= Ashok Lav =

Hindi author and poet

Ashok Lav (born 13 April 1947) is a Hindi author and poet. Lav is the President of the Sarv Bhasha Trust, and the Delhi chapter of the International Hindi Association. He patrons the Age Well Association, and Rashtra Srijan Abhiyan, as well as being the chairman of the Spirituality Forum for Humanity; a spiritual humanitarian leadership group.

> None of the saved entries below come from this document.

lemma pfaffian_term_comp_swap_pairs:
  assumes "\<sigma> permutes {0..<2*k}" "l < k" "i < k"
  shows "pfaffian_term a k (\<sigma> \<circ> (transpose (2*i) (2*l) \<circ> transpose (2*i+1) (2*l+1)))
    = pfaffian_term a k \<sigma>"
proof -
  let ?t = "transpose (2*i) (2*l) \<circ> transpose (2*i+1) (2*l+1)"
  let ?g = "\<lambda>\<sigma> i. skew a (\<sigma> (2*i)) (\<sigma> (2*i+1))"
  have "(\<Prod>j<k. ?g (\<sigma> \<circ> ?t) j) = (\<Prod>j<k. ?g (\<sigma> \<circ> ?t) (transpose i l j))"
    by (rule prod.reindex_bij_witness[where i="transpose i l" and j="transpose i l"])
      (use assms in \<open>auto simp: transpose_def\<close>)
  also have "\<dots> = (\<Prod>j<k. ?g \<sigma> j)"
    by (rule prod.cong) (auto simp: transpose_def)
  finally have "(\<Prod>j<k. ?g (\<sigma> \<circ> ?t) j) = (\<Prod>j<k. ?g \<sigma> j)" .
  moreover have "sign (\<sigma> \<circ> ?t) = sign \<sigma>"
    using assms permutes_imp_permutation[OF _ assms(1)]
    by (simp add: sign_compose permutation_swap_id sign_swap_id permutation_compose)
  ultimately show ?thesis unfolding pfaffian_term_def by simp
qed

section \<open>Affine functions of one rational variable\<close>

definition affine_rat :: "(rat \<Rightarrow> rat) \<Rightarrow> bool" where
  "affine_rat f \<longleftrightarrow> (\<forall>\<tau>. f \<tau> = f 0 + \<tau> * (f 1 - f 0))"

lemma affine_ratI:
  assumes "\<And>\<tau>. f \<tau> = a + \<tau> * b"
  shows "affine_rat f"
  unfolding affine_rat_def using assms by simp

lemma affine_ratD: "affine_rat f \<Longrightarrow> f \<tau> = f 0 + \<tau> * (f 1 - f 0)"
  unfolding affine_rat_def by blast

lemma affine_rat_sum:
  assumes "\<And>j. j \<in> J \<Longrightarrow> affine_rat (f j)"
  shows "affine_rat (\<lambda>\<tau>. \<Sum>j\<in>J. c j * f j \<tau>)"
proof (rule affine_ratI)
  fix \<tau>
  have "c j * f j \<tau> = c j * f j 0 + \<tau> * (c j * (f j 1 - f j 0))" if "j \<in> J" for j
    unfolding affine_ratD[OF assms[OF that], of \<tau>] by (simp add: algebra_simps)
  then show "(\<Sum>j\<in>J. c j * f j \<tau>) = (\<Sum>j\<in>J. c j * f j 0) + \<tau> * (\<Sum>j\<in>J. c j * (f j 1 - f j 0))"
    by (simp add: sum.distrib sum_distrib_left cong: sum.cong)
qed

lemma affine_rat_mult_var_imp_const:
  assumes "affine_rat (\<lambda>\<tau>. \<tau> * h \<tau>)" and "affine_rat h"
  shows "h 1 = h 0"
  using affine_ratD[OF assms(1), of 2] affine_ratD[OF assms(2), of 2] by simp

section \<open>Pfaffians of rank-two perturbations\<close>

definition wedge :: "(nat \<Rightarrow> rat) \<Rightarrow> (nat \<Rightarrow> rat) \<Rightarrow> nat \<Rightarrow> nat \<Rightarrow> rat" where
  "wedge \<alpha> \<beta> u v = \<alpha> u * \<beta> v - \<alpha> v * \<beta> u"

lemma wedge_pluecker:
  "wedge \<alpha> \<beta> a b * wedge \<alpha> \<beta> c d - wedge \<alpha> \<beta> a c * wedge \<alpha> \<beta> b d
     - wedge \<alpha> \<beta> a d * wedge \<alpha> \<beta> c b = 0"
  unfolding wedge_def by (simp add: algebra_simps)

lemma skew_add_wedge:
  "skew (\<lambda>u v. X u v + \<tau> * wedge \<alpha> \<beta> u v) u v = skew X u v + \<tau> * wedge \<alpha> \<beta> u v"
  by (auto simp: skew_def wedge_def algebra_simps)

definition mixed_term ::
    "(nat \<Rightarrow> nat \<Rightarrow> rat) \<Rightarrow> (nat \<Rightarrow> rat) \<Rightarrow> (nat \<Rightarrow> rat) \<Rightarrow> nat \<Rightarrow> nat set \<Rightarrow> (nat \<Rightarrow> nat) \<Rightarrow> rat" where
  "mixed_term X \<alpha> \<beta> k B \<sigma> = of_int (sign \<sigma>) *
     (\<Prod>i<k. (if i \<in> B then wedge \<alpha> \<beta> else skew X) (\<sigma> (2*i)) (\<sigma> (2*i+1)))"

lemma sum_permutes_eq_zero_three_term:
  fixes f :: "(nat \<Rightarrow> nat) \<Rightarrow> rat"
  assumes "s permutes {0..<N}" "s \<circ> s = id" "t permutes {0..<N}" "t \<circ> t = id"
    and "\<And>\<sigma>. \<sigma> permutes {0..<N} \<Longrightarrow> f \<sigma> + f (\<sigma> \<circ> s) + f (\<sigma> \<circ> t) = 0"
  shows "(\<Sum>\<sigma>\<in>{\<sigma>. \<sigma> permutes {0..<N}}. f \<sigma>) = 0"
proof -
  let ?P = "{\<sigma>. \<sigma> permutes {0..<N}}"
  have "3 * (\<Sum>\<sigma>\<in>?P. f \<sigma>) = (\<Sum>\<sigma>\<in>?P. f \<sigma>) + (\<Sum>\<sigma>\<in>?P. f (\<sigma> \<circ> s)) + (\<Sum>\<sigma>\<in>?P. f (\<sigma> \<circ> t))"
    using sum_permutes_comp_involution[OF assms(1,2), of f]
      sum_permutes_comp_involution[OF assms(3,4), of f] by simp
  also have "\<dots> = 0"
    using assms(5) by (simp add: sum.distrib[symmetric])
  finally show ?thesis by simp
qed

lemma prod_lessThan_split_two:
  fixes k :: nat and g :: "nat \<Rightarrow> 'a::comm_monoid_mult"
  assumes "i1 < k" "i2 < k" "i1 \<noteq> i2"
  shows "(\<Prod>i<k. g i) = g i1 * g i2 * (\<Prod>i\<in>{..<k}-{i1,i2}. g i)"
proof -
  have "(\<Prod>i<k. g i) = g i1 * (\<Prod>i\<in>{..<k}-{i1}. g i)"
    using assms(1) by (intro prod.remove) auto
  also have "(\<Prod>i\<in>{..<k}-{i1}. g i) = g i2 * (\<Prod>i\<in>{..<k}-{i1}-{i2}. g i)"
    using assms by (intro prod.remove) auto
  finally show ?thesis by (simp add: Diff_insert2[symmetric] insert_commute mult.assoc)
qed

Lav has written over 160 academic and literary books, his latest being Nandita Abhinav(Novel-2025),'Ekantvas mein Zindagi' (Laghukatha Sangrah). His academic works are well received, with university students doing PhD and MPhil work surrounding his books -- Shikron Se Aage ( Novel ) and Ladkiyaan Chhoona Chahti Hain Aasmaan (a collection of poems). Lav has also edited some of his books, along with translating other non-self publications.
- Nandita Abhinav (Upnyas) published in 2025 was released on 20th July 2025

==Works and honours==
A recipient of numerous awards related to Hindi literature, including the Lifetime Achievement Award by Sarv Bhasha Trust on 20th July 2025, Life Time Achievement Award by General Mohyal Sabha and Sahitya Sabha Kaithal, Manav Seva Samman, and Eklavya award, his more well known works include:

- Shikhron Se Aage (novel- literally, "Beyond peaks")
- Anubhootiyon Kee Aahaten (collection of poems, literally, "The approaching footsteps of sensations")
- LarhkiyaAn Choonaa ChaAhtee Hain Aasmaan (collections of poems- literally, "Girls want to touch the sky")
- Phulvaree (songs for children- literally, "A garden of flowers")
- Band Darvaazon Par Dastaken (short stories- literally, "Knocking on locked doors")
- Salaam Dilli (short stories- literally, "A salute to Delhi")
- Pathron Se Bandhe Pankh (short stories- literally, "Feathers tied to stones")
- Khidkiyon Par Tange Log (short stories(ed)-literally,"People Looking from Windows"
- Papa ji kee Rail
- Icecream Ke Badal
- Barse Badal Jhama Jham
- Valmiki Ramayan *Mahabharata *Budhcharit Education.

His book Hindi ke Pratinidhi Saahityakaaron Se Saakshaatkaar, a collection of interviews with writers representative of Hindi literature, was released by the Vice President of India, Dr. Shankar Dayal Sharma on 9 February 1990.

He has been honored with the Life Time Achievement Awards by GMS and BBMI, as well as Vidya Sagar, Vidyavachspati, Kabir Samman, Bhartendu Harishchandra Samman, Mohyal Gaurav and more. About 70 organizations thus far have commended him for his contributions in literary, social and educational fields.